DIRECTIONS: What lines below hold the string "assms"? Copy them all.

GIVEN DATA:
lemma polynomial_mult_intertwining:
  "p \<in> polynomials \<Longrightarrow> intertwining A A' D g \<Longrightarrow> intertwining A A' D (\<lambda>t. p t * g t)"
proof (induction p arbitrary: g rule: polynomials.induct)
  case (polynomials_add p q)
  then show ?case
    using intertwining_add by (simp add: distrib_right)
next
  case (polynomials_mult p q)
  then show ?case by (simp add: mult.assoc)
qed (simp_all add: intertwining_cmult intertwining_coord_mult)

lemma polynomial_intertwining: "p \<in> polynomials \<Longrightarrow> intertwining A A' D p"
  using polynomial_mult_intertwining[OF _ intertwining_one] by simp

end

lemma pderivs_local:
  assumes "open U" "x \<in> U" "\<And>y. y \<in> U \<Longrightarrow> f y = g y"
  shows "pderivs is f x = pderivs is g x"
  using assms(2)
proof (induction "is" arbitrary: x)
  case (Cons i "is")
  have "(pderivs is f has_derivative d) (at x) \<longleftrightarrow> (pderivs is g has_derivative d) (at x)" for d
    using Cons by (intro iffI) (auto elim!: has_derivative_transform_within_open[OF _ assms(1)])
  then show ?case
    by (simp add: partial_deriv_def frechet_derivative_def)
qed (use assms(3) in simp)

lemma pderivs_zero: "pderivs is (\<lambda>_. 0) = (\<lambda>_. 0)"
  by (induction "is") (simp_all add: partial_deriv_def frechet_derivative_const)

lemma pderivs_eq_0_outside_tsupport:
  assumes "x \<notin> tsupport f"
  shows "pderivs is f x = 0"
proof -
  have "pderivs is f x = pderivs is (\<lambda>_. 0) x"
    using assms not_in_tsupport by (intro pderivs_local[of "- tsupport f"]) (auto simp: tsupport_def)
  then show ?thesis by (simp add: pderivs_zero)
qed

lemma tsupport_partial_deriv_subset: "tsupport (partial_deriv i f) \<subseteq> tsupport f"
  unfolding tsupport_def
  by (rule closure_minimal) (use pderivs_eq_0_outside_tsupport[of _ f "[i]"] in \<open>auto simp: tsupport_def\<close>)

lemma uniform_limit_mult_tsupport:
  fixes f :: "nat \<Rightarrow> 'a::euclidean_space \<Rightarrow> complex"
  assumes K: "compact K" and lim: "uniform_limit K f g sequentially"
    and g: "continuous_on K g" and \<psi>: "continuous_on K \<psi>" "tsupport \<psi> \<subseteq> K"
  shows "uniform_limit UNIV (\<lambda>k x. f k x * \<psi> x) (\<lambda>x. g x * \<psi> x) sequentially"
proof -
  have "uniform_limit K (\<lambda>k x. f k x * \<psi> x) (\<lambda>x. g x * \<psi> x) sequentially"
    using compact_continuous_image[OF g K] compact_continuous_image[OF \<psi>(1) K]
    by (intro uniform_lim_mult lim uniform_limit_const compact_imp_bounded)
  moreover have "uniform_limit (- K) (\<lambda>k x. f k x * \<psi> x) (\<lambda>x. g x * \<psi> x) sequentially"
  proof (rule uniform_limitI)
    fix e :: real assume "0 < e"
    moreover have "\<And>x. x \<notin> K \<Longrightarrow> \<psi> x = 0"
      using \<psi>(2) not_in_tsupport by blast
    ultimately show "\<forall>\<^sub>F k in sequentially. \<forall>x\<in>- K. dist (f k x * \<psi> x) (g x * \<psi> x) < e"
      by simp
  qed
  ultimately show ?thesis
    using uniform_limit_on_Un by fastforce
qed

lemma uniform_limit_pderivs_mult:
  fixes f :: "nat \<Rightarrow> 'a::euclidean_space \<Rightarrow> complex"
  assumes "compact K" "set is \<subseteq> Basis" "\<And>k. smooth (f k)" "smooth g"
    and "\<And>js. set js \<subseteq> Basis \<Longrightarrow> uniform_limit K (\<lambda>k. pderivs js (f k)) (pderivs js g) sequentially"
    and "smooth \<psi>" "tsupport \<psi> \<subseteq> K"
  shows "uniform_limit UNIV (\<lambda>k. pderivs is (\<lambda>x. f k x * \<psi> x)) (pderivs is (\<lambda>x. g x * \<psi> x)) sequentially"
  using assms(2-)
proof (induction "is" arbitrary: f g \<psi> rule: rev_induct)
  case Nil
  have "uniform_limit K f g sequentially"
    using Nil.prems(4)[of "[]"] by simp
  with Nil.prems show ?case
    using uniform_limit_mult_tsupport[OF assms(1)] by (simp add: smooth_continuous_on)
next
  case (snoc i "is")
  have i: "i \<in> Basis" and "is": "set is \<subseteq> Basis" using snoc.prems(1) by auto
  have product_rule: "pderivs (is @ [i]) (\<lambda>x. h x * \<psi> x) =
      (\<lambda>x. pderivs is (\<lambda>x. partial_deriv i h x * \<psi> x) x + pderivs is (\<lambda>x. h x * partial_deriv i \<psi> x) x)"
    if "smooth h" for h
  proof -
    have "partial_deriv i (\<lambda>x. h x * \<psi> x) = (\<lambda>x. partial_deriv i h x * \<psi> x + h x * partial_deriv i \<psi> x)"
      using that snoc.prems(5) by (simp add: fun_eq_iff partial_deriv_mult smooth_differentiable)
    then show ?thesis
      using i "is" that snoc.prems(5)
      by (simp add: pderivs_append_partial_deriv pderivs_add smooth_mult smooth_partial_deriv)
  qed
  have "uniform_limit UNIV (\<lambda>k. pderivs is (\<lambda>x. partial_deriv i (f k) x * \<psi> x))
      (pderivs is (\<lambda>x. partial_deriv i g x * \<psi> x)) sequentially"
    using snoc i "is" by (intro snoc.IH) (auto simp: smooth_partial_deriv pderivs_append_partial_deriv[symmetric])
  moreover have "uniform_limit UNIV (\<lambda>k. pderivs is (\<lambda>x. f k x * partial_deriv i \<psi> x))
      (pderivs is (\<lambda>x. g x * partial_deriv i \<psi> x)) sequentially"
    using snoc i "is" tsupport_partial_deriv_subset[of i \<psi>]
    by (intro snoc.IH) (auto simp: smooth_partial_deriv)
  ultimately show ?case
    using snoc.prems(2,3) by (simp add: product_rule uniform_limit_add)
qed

==

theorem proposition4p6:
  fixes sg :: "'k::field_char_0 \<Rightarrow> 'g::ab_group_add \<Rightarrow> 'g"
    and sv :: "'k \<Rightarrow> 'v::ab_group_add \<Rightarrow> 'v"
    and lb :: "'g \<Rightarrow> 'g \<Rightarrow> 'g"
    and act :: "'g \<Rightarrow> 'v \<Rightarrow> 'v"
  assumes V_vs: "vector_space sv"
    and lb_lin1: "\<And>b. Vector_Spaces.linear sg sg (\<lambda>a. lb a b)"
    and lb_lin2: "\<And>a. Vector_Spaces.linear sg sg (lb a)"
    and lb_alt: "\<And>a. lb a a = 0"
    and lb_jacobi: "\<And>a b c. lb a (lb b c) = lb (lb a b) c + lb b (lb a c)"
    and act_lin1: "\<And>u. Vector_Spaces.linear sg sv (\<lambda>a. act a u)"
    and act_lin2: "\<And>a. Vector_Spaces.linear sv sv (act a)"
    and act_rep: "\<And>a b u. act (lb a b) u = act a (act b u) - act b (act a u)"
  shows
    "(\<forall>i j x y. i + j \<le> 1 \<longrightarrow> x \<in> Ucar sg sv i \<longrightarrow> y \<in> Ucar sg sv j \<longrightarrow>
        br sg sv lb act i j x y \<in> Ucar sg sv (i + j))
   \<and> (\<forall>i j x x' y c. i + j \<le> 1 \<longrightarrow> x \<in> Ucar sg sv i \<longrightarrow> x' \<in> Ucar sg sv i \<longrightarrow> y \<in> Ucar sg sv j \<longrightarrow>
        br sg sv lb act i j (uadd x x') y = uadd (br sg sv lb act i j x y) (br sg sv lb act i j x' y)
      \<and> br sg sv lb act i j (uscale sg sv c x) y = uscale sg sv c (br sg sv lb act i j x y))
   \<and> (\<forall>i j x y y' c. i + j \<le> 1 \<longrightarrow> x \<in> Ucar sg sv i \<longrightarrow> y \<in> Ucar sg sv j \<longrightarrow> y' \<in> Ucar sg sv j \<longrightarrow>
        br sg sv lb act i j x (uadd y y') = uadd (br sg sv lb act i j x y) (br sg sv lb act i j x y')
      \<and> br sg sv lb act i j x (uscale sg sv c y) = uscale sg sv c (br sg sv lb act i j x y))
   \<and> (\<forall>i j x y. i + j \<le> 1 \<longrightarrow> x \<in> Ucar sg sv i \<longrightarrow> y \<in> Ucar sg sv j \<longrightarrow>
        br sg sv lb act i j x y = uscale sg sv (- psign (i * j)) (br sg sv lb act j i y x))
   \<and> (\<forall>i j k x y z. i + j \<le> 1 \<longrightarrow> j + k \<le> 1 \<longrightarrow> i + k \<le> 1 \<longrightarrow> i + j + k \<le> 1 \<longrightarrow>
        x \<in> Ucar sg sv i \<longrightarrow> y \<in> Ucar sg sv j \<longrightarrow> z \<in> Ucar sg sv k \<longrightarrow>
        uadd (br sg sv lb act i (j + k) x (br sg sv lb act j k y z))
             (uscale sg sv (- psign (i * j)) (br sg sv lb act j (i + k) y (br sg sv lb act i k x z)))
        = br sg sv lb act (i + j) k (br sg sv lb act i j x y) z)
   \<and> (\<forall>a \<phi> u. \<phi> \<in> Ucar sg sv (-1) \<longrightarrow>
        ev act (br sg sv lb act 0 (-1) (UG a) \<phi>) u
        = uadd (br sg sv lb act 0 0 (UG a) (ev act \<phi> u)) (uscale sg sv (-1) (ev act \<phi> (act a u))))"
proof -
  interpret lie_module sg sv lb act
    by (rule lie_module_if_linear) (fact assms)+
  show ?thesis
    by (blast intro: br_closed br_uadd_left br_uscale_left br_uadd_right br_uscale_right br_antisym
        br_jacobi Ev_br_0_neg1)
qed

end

RESPONSE BOX:
  using assms(2)
    using Cons by (intro iffI) (auto elim!: has_derivative_transform_within_open[OF _ assms(1)])
qed (use assms(3) in simp)
    using assms not_in_tsupport by (intro pderivs_local[of "- tsupport f"]) (auto simp: tsupport_def)
  using assms(2-)
    using uniform_limit_mult_tsupport[OF assms(1)] by (simp add: smooth_continuous_on)
    by (rule lie_module_if_linear) (fact assms)+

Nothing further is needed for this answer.